▶ [Work request]: Among the lines of the entries below, count those containing the word "blast" and answer with the number only.

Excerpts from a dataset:
lemma rect_star_inter_self_conj:
  "rect_star n \<inter> self_conj n = {rect_part a a | a. 2 \<le> a \<and> n = a\<^sup>2}"
proof (intro equalityI subsetI)
  fix p
  assume "p \<in> rect_star n \<inter> self_conj n"
  then obtain a b where p: "p = rect_part a b" "a * b = n" "2 \<le> a" "2 \<le> b" "conj_part p = p"
    unfolding rect_star_def self_conj_def by blast
  then have "rect_part b a = rect_part a b"
    using conj_part_rect_part[of b a] by simp
  then have "a = b"
    using arg_cong[of _ _ length] by (force simp: rect_part_def)
  then show "p \<in> {rect_part a a | a. 2 \<le> a \<and> n = a\<^sup>2}"
    using p by (auto simp: power2_eq_square)
next
  fix p
  assume "p \<in> {rect_part a a | a. 2 \<le> a \<and> n = a\<^sup>2}"
  then obtain a where p: "p = rect_part a a" "2 \<le> a" "n = a * a"
    by (auto simp: power2_eq_square)
  then have "p \<in> partitions n" "conj_part p = p"
    using rect_part_in_partitions conj_part_rect_part by simp_all
  then show "p \<in> rect_star n \<inter> self_conj n"
    using p unfolding rect_star_def self_conj_def by blast
qed

lemma rect_star_subset_deg_set_local_dim_set:
  "rect_star n \<subseteq> deg_set 2 n \<inter> local_dim_set 2 n"
proof
  fix p
  assume "p \<in> rect_star n"
  then obtain a b where p: "p = rect_part a b" "n = a * b" and ab: "2 \<le> a" "2 \<le> b"
    unfolding rect_star_def by auto
  have nbrs: "{q. adj n p q} = {rect_bump a b, rect_chip a b}"
    using adj_rect_part_iff[OF ab] p by auto
  have "rect_bump a b \<noteq> rect_chip a b"
    using ab length_rect_bump[of b a] length_rect_chip[of b a] by auto
  then have "degree n p = 2"
    unfolding degree_def nbrs by simp
  moreover have "adj n (rect_bump a b) (rect_chip a b)"
    using nbrs one_move_rect_bump_rect_chip[OF ab] unfolding adj_def by blast
  then have "max_clique_at n p = 3"
    using max_clique_at_eq_3[OF nbrs] by simp
  moreover have "p \<in> partitions n"
    using p ab rect_part_in_partitions by simp
  ultimately show "p \<in> deg_set 2 n \<inter> local_dim_set 2 n"
    unfolding deg_set_def local_dim_set_def by simp
qed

▶ [Answer for this exercise]: 3